[[ DATA EXTRACTS, beginning ]]
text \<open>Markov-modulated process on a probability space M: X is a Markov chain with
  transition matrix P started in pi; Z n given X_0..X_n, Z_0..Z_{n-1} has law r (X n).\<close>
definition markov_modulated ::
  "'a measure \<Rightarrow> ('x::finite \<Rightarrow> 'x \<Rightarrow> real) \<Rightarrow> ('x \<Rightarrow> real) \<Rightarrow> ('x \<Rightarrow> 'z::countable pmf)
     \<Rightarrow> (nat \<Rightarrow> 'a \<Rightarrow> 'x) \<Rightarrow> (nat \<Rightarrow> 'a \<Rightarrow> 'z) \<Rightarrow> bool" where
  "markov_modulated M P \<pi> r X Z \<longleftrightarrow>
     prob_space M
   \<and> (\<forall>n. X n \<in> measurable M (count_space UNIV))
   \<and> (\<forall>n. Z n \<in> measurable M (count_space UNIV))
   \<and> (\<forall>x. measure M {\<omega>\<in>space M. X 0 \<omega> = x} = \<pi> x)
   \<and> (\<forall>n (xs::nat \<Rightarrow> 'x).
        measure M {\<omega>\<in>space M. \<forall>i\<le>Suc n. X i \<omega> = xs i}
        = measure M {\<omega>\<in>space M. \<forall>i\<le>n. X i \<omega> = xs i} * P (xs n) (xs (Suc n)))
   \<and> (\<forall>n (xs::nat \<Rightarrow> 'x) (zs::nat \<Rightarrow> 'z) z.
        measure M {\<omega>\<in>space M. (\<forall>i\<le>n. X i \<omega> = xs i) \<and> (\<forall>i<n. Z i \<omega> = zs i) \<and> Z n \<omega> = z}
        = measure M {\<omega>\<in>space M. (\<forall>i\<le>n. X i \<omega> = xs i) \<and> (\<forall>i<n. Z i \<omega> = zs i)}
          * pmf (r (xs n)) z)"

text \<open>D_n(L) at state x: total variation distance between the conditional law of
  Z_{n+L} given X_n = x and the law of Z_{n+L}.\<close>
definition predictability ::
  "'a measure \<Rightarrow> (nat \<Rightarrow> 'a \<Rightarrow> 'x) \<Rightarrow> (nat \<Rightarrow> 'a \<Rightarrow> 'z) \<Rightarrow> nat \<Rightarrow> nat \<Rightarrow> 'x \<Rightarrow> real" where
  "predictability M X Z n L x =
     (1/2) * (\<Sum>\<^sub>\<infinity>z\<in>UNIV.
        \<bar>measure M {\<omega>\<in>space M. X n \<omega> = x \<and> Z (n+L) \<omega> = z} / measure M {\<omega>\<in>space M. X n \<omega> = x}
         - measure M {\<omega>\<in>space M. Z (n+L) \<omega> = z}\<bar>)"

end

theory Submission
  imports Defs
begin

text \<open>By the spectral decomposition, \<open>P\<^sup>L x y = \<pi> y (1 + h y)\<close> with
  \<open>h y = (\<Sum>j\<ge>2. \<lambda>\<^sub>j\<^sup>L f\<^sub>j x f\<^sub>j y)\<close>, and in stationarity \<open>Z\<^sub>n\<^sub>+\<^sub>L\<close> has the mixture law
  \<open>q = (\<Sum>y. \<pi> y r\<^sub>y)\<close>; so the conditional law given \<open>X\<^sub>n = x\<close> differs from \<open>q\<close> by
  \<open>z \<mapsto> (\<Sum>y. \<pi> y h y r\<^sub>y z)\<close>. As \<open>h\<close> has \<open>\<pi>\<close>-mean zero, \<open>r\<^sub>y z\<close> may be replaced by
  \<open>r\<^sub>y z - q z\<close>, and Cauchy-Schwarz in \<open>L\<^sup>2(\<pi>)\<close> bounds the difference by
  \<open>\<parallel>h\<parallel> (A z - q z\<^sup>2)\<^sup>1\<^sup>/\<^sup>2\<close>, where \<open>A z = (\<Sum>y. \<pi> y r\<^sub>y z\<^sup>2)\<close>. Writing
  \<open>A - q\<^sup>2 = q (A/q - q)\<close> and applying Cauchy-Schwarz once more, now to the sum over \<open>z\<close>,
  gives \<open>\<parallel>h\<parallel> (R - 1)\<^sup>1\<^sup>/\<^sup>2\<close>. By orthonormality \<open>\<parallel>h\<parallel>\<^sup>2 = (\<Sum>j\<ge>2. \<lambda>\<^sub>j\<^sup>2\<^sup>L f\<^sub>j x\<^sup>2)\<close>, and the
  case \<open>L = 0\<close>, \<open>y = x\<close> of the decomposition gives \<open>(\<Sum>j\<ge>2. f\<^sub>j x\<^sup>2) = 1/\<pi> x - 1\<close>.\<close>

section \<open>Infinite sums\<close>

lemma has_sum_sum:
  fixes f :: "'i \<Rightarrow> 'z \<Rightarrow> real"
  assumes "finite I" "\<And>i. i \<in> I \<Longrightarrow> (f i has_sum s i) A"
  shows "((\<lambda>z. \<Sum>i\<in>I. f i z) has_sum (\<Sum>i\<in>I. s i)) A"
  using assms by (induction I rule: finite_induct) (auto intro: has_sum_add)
[[ DATA EXTRACTS, end ]]
YOUR ASSIGNMENT> Repeat every line of the listing without a single difference.

SOLVED EXERCISE>
text \<open>Markov-modulated process on a probability space M: X is a Markov chain with
  transition matrix P started in pi; Z n given X_0..X_n, Z_0..Z_{n-1} has law r (X n).\<close>
definition markov_modulated ::
  "'a measure \<Rightarrow> ('x::finite \<Rightarrow> 'x \<Rightarrow> real) \<Rightarrow> ('x \<Rightarrow> real) \<Rightarrow> ('x \<Rightarrow> 'z::countable pmf)
     \<Rightarrow> (nat \<Rightarrow> 'a \<Rightarrow> 'x) \<Rightarrow> (nat \<Rightarrow> 'a \<Rightarrow> 'z) \<Rightarrow> bool" where
  "markov_modulated M P \<pi> r X Z \<longleftrightarrow>
     prob_space M
   \<and> (\<forall>n. X n \<in> measurable M (count_space UNIV))
   \<and> (\<forall>n. Z n \<in> measurable M (count_space UNIV))
   \<and> (\<forall>x. measure M {\<omega>\<in>space M. X 0 \<omega> = x} = \<pi> x)
   \<and> (\<forall>n (xs::nat \<Rightarrow> 'x).
        measure M {\<omega>\<in>space M. \<forall>i\<le>Suc n. X i \<omega> = xs i}
        = measure M {\<omega>\<in>space M. \<forall>i\<le>n. X i \<omega> = xs i} * P (xs n) (xs (Suc n)))
   \<and> (\<forall>n (xs::nat \<Rightarrow> 'x) (zs::nat \<Rightarrow> 'z) z.
        measure M {\<omega>\<in>space M. (\<forall>i\<le>n. X i \<omega> = xs i) \<and> (\<forall>i<n. Z i \<omega> = zs i) \<and> Z n \<omega> = z}
        = measure M {\<omega>\<in>space M. (\<forall>i\<le>n. X i \<omega> = xs i) \<and> (\<forall>i<n. Z i \<omega> = zs i)}
          * pmf (r (xs n)) z)"

text \<open>D_n(L) at state x: total variation distance between the conditional law of
  Z_{n+L} given X_n = x and the law of Z_{n+L}.\<close>
definition predictability ::
  "'a measure \<Rightarrow> (nat \<Rightarrow> 'a \<Rightarrow> 'x) \<Rightarrow> (nat \<Rightarrow> 'a \<Rightarrow> 'z) \<Rightarrow> nat \<Rightarrow> nat \<Rightarrow> 'x \<Rightarrow> real" where
  "predictability M X Z n L x =
     (1/2) * (\<Sum>\<^sub>\<infinity>z\<in>UNIV.
        \<bar>measure M {\<omega>\<in>space M. X n \<omega> = x \<and> Z (n+L) \<omega> = z} / measure M {\<omega>\<in>space M. X n \<omega> = x}
         - measure M {\<omega>\<in>space M. Z (n+L) \<omega> = z}\<bar>)"

end

theory Submission
  imports Defs
begin

text \<open>By the spectral decomposition, \<open>P\<^sup>L x y = \<pi> y (1 + h y)\<close> with
  \<open>h y = (\<Sum>j\<ge>2. \<lambda>\<^sub>j\<^sup>L f\<^sub>j x f\<^sub>j y)\<close>, and in stationarity \<open>Z\<^sub>n\<^sub>+\<^sub>L\<close> has the mixture law
  \<open>q = (\<Sum>y. \<pi> y r\<^sub>y)\<close>; so the conditional law given \<open>X\<^sub>n = x\<close> differs from \<open>q\<close> by
  \<open>z \<mapsto> (\<Sum>y. \<pi> y h y r\<^sub>y z)\<close>. As \<open>h\<close> has \<open>\<pi>\<close>-mean zero, \<open>r\<^sub>y z\<close> may be replaced by
  \<open>r\<^sub>y z - q z\<close>, and Cauchy-Schwarz in \<open>L\<^sup>2(\<pi>)\<close> bounds the difference by
  \<open>\<parallel>h\<parallel> (A z - q z\<^sup>2)\<^sup>1\<^sup>/\<^sup>2\<close>, where \<open>A z = (\<Sum>y. \<pi> y r\<^sub>y z\<^sup>2)\<close>. Writing
  \<open>A - q\<^sup>2 = q (A/q - q)\<close> and applying Cauchy-Schwarz once more, now to the sum over \<open>z\<close>,
  gives \<open>\<parallel>h\<parallel> (R - 1)\<^sup>1\<^sup>/\<^sup>2\<close>. By orthonormality \<open>\<parallel>h\<parallel>\<^sup>2 = (\<Sum>j\<ge>2. \<lambda>\<^sub>j\<^sup>2\<^sup>L f\<^sub>j x\<^sup>2)\<close>, and the
  case \<open>L = 0\<close>, \<open>y = x\<close> of the decomposition gives \<open>(\<Sum>j\<ge>2. f\<^sub>j x\<^sup>2) = 1/\<pi> x - 1\<close>.\<close>

section \<open>Infinite sums\<close>

lemma has_sum_sum:
  fixes f :: "'i \<Rightarrow> 'z \<Rightarrow> real"
  assumes "finite I" "\<And>i. i \<in> I \<Longrightarrow> (f i has_sum s i) A"
  shows "((\<lambda>z. \<Sum>i\<in>I. f i z) has_sum (\<Sum>i\<in>I. s i)) A"
  using assms by (induction I rule: finite_induct) (auto intro: has_sum_add)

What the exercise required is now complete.